** WORK ITEM **
Below are the entries; give again exactly the lines from the one mentioning "bind_pmf (init G)" through the one mentioning "measure_pmf.expectation (episode G", inclusive.

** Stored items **
::::::::

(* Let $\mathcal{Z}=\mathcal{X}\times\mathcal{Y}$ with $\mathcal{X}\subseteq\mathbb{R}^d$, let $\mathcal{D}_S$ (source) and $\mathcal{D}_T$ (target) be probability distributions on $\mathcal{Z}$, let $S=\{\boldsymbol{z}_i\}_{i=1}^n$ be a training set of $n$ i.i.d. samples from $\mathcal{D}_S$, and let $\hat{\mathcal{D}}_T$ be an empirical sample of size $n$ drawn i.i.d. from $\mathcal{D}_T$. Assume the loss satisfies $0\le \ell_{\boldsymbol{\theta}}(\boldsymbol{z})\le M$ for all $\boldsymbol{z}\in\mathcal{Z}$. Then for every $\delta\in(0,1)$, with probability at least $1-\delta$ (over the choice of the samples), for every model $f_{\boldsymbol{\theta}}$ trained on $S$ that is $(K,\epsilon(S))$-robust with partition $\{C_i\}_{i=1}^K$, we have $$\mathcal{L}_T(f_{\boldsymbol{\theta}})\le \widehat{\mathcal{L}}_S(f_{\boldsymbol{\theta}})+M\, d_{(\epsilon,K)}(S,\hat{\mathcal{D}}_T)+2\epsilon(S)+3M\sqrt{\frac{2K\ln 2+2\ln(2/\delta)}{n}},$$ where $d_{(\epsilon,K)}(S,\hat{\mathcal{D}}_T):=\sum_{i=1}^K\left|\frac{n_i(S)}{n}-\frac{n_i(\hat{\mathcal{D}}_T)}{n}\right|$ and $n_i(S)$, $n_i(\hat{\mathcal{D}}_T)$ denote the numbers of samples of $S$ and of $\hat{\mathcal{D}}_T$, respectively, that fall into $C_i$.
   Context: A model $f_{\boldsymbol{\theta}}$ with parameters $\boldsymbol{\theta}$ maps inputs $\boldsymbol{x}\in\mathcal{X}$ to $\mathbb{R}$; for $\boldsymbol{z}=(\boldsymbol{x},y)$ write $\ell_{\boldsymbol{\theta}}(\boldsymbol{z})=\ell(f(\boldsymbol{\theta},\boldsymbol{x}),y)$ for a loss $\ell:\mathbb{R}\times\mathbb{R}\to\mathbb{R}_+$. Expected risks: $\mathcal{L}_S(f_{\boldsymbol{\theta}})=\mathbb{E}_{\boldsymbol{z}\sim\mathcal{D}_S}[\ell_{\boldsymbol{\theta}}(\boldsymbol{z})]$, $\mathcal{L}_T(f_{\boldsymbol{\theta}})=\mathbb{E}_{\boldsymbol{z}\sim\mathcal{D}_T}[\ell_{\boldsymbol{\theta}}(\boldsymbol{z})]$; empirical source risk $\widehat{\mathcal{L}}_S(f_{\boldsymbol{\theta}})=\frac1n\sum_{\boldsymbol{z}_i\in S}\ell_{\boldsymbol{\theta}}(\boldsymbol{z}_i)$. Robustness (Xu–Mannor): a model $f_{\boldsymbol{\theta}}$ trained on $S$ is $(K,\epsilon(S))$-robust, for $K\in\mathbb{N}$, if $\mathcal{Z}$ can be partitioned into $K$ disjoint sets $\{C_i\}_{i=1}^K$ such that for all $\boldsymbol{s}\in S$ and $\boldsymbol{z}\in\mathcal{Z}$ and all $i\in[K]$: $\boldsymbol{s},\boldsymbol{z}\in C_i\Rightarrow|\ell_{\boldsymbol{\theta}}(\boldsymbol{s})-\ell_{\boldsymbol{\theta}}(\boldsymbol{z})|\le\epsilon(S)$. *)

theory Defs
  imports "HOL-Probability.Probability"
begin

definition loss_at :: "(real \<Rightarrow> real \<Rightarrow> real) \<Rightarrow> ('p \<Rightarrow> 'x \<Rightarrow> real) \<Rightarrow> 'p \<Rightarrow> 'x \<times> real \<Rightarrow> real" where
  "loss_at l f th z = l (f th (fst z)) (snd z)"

::::::::

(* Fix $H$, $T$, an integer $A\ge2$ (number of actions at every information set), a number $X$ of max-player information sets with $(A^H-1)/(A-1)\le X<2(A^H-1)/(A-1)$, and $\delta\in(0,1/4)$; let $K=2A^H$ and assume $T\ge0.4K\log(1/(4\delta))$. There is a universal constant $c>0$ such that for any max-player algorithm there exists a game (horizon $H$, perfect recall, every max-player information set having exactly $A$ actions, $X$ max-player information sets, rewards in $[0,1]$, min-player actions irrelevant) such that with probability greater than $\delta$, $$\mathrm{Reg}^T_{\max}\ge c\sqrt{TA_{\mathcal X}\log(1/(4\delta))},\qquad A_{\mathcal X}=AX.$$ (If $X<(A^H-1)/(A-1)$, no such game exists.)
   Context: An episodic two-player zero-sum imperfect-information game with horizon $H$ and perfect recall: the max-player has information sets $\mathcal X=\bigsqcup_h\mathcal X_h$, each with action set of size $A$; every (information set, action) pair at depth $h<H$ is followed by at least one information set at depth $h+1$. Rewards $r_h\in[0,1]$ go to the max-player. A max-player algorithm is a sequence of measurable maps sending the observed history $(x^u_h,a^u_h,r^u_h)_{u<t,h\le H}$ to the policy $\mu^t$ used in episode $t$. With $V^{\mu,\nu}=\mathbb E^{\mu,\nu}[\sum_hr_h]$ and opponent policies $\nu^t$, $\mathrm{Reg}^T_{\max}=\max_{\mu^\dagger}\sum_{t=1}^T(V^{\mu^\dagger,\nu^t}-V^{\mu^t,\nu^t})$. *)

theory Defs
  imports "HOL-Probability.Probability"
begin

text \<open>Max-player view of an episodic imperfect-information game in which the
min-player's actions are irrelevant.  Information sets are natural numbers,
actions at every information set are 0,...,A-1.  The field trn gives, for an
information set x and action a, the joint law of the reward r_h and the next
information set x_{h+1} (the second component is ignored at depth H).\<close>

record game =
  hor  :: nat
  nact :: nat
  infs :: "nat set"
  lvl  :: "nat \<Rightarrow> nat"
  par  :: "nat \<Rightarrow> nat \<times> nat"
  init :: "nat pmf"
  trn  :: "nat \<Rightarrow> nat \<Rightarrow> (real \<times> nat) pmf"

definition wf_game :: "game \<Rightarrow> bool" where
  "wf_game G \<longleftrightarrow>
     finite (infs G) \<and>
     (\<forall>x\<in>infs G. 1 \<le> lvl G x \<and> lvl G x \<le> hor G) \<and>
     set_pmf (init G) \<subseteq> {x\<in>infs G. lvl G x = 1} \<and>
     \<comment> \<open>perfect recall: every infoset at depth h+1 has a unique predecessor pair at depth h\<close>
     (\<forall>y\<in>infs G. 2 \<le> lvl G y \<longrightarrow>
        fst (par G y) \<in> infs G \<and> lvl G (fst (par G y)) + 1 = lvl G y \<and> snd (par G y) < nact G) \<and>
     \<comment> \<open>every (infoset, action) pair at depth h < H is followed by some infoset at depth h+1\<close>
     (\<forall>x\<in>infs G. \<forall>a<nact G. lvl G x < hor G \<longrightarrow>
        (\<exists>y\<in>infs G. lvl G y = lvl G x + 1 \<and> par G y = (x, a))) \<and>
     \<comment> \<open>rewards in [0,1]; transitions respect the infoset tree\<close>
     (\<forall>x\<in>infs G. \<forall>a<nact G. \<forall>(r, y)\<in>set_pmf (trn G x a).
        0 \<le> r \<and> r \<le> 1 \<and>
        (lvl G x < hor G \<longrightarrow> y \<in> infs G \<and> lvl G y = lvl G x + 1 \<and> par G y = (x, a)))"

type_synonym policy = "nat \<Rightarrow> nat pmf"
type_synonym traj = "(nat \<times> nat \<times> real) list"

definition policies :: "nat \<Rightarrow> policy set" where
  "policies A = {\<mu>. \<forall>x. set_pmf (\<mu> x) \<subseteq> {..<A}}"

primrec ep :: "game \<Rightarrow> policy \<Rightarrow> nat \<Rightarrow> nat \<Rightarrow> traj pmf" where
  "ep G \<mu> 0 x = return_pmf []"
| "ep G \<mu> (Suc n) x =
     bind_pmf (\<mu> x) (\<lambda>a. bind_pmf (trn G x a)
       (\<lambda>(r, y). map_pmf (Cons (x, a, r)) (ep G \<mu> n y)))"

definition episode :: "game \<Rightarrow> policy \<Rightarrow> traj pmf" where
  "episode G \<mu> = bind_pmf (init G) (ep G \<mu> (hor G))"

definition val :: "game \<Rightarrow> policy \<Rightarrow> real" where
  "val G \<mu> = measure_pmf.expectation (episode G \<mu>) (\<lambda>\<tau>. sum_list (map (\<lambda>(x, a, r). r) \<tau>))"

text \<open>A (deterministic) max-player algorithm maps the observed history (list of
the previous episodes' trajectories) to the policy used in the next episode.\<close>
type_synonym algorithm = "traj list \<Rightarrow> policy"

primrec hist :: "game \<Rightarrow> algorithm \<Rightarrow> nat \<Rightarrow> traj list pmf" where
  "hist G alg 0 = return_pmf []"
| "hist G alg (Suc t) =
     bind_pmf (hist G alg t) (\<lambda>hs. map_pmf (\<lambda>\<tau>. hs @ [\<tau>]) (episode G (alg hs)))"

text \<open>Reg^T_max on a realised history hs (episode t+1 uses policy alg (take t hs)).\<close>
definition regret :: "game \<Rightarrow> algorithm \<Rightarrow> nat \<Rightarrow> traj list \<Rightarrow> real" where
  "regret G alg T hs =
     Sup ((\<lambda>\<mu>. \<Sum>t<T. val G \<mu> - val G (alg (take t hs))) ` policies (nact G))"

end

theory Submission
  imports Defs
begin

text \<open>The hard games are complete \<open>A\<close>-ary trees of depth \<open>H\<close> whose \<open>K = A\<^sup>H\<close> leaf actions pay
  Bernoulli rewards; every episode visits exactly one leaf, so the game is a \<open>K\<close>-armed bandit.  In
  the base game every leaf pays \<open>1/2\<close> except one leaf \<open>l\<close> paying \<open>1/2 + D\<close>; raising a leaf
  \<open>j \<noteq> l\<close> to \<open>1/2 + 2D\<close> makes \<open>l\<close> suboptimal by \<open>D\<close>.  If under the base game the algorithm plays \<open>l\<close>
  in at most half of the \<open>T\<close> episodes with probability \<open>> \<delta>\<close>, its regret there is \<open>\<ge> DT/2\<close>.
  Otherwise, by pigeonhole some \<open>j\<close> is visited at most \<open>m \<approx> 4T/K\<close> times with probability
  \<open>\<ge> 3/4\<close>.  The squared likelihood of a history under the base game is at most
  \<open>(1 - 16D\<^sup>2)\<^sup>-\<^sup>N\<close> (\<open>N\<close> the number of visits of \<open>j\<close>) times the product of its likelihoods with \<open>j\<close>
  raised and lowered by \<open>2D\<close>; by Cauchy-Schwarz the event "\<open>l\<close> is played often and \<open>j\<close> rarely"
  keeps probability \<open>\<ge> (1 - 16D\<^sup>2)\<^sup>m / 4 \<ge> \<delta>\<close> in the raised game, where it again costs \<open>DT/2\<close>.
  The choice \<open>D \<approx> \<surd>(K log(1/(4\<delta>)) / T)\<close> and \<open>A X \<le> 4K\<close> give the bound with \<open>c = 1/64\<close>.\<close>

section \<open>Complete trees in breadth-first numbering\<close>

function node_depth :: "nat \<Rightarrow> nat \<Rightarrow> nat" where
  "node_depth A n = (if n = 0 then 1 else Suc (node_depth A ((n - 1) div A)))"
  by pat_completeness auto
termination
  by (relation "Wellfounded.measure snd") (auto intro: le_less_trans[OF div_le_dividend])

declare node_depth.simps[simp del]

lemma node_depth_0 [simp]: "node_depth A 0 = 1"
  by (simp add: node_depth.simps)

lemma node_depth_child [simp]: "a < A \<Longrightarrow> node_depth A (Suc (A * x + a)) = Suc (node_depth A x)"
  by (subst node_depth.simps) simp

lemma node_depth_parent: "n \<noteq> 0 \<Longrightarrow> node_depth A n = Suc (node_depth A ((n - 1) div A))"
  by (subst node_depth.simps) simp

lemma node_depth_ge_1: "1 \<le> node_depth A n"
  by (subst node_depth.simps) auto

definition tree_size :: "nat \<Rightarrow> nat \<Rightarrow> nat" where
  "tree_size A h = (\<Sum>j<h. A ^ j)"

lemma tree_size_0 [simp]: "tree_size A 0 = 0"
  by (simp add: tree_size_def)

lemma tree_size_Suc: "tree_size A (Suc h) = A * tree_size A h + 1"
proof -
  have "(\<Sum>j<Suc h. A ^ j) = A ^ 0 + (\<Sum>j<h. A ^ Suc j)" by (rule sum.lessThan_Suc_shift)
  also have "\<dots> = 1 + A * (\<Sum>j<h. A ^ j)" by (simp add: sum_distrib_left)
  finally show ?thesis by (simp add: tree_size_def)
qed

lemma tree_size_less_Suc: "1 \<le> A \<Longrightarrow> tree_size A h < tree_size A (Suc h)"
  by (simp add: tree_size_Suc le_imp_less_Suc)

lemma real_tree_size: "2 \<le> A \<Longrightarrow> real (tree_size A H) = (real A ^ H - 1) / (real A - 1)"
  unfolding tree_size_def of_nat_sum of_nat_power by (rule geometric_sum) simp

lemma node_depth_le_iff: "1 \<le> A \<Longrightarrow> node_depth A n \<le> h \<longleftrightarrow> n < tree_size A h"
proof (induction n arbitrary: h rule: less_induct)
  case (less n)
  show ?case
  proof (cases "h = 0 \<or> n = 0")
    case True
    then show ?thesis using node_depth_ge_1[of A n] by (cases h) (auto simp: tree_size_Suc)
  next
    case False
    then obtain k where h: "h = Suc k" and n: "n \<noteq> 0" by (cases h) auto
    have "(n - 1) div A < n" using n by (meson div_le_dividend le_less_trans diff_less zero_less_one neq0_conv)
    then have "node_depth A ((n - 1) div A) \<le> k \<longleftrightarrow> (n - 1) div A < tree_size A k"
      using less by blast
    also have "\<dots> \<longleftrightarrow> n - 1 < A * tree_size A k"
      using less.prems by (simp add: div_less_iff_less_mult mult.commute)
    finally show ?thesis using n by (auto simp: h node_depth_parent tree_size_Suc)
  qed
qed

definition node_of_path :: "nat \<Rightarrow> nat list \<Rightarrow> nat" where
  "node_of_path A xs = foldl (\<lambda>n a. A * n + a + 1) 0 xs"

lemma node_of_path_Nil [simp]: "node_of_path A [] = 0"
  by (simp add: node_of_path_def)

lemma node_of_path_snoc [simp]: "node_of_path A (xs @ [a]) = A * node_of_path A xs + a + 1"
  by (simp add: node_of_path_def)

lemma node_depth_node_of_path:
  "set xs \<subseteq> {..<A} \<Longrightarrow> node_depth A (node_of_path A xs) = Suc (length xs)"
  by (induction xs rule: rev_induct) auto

::::::::

** ANSWER TO THE PROBLEM **
  "episode G \<mu> = bind_pmf (init G) (ep G \<mu> (hor G))"

definition val :: "game \<Rightarrow> policy \<Rightarrow> real" where
  "val G \<mu> = measure_pmf.expectation (episode G \<mu>) (\<lambda>\<tau>. sum_list (map (\<lambda>(x, a, r). r) \<tau>))"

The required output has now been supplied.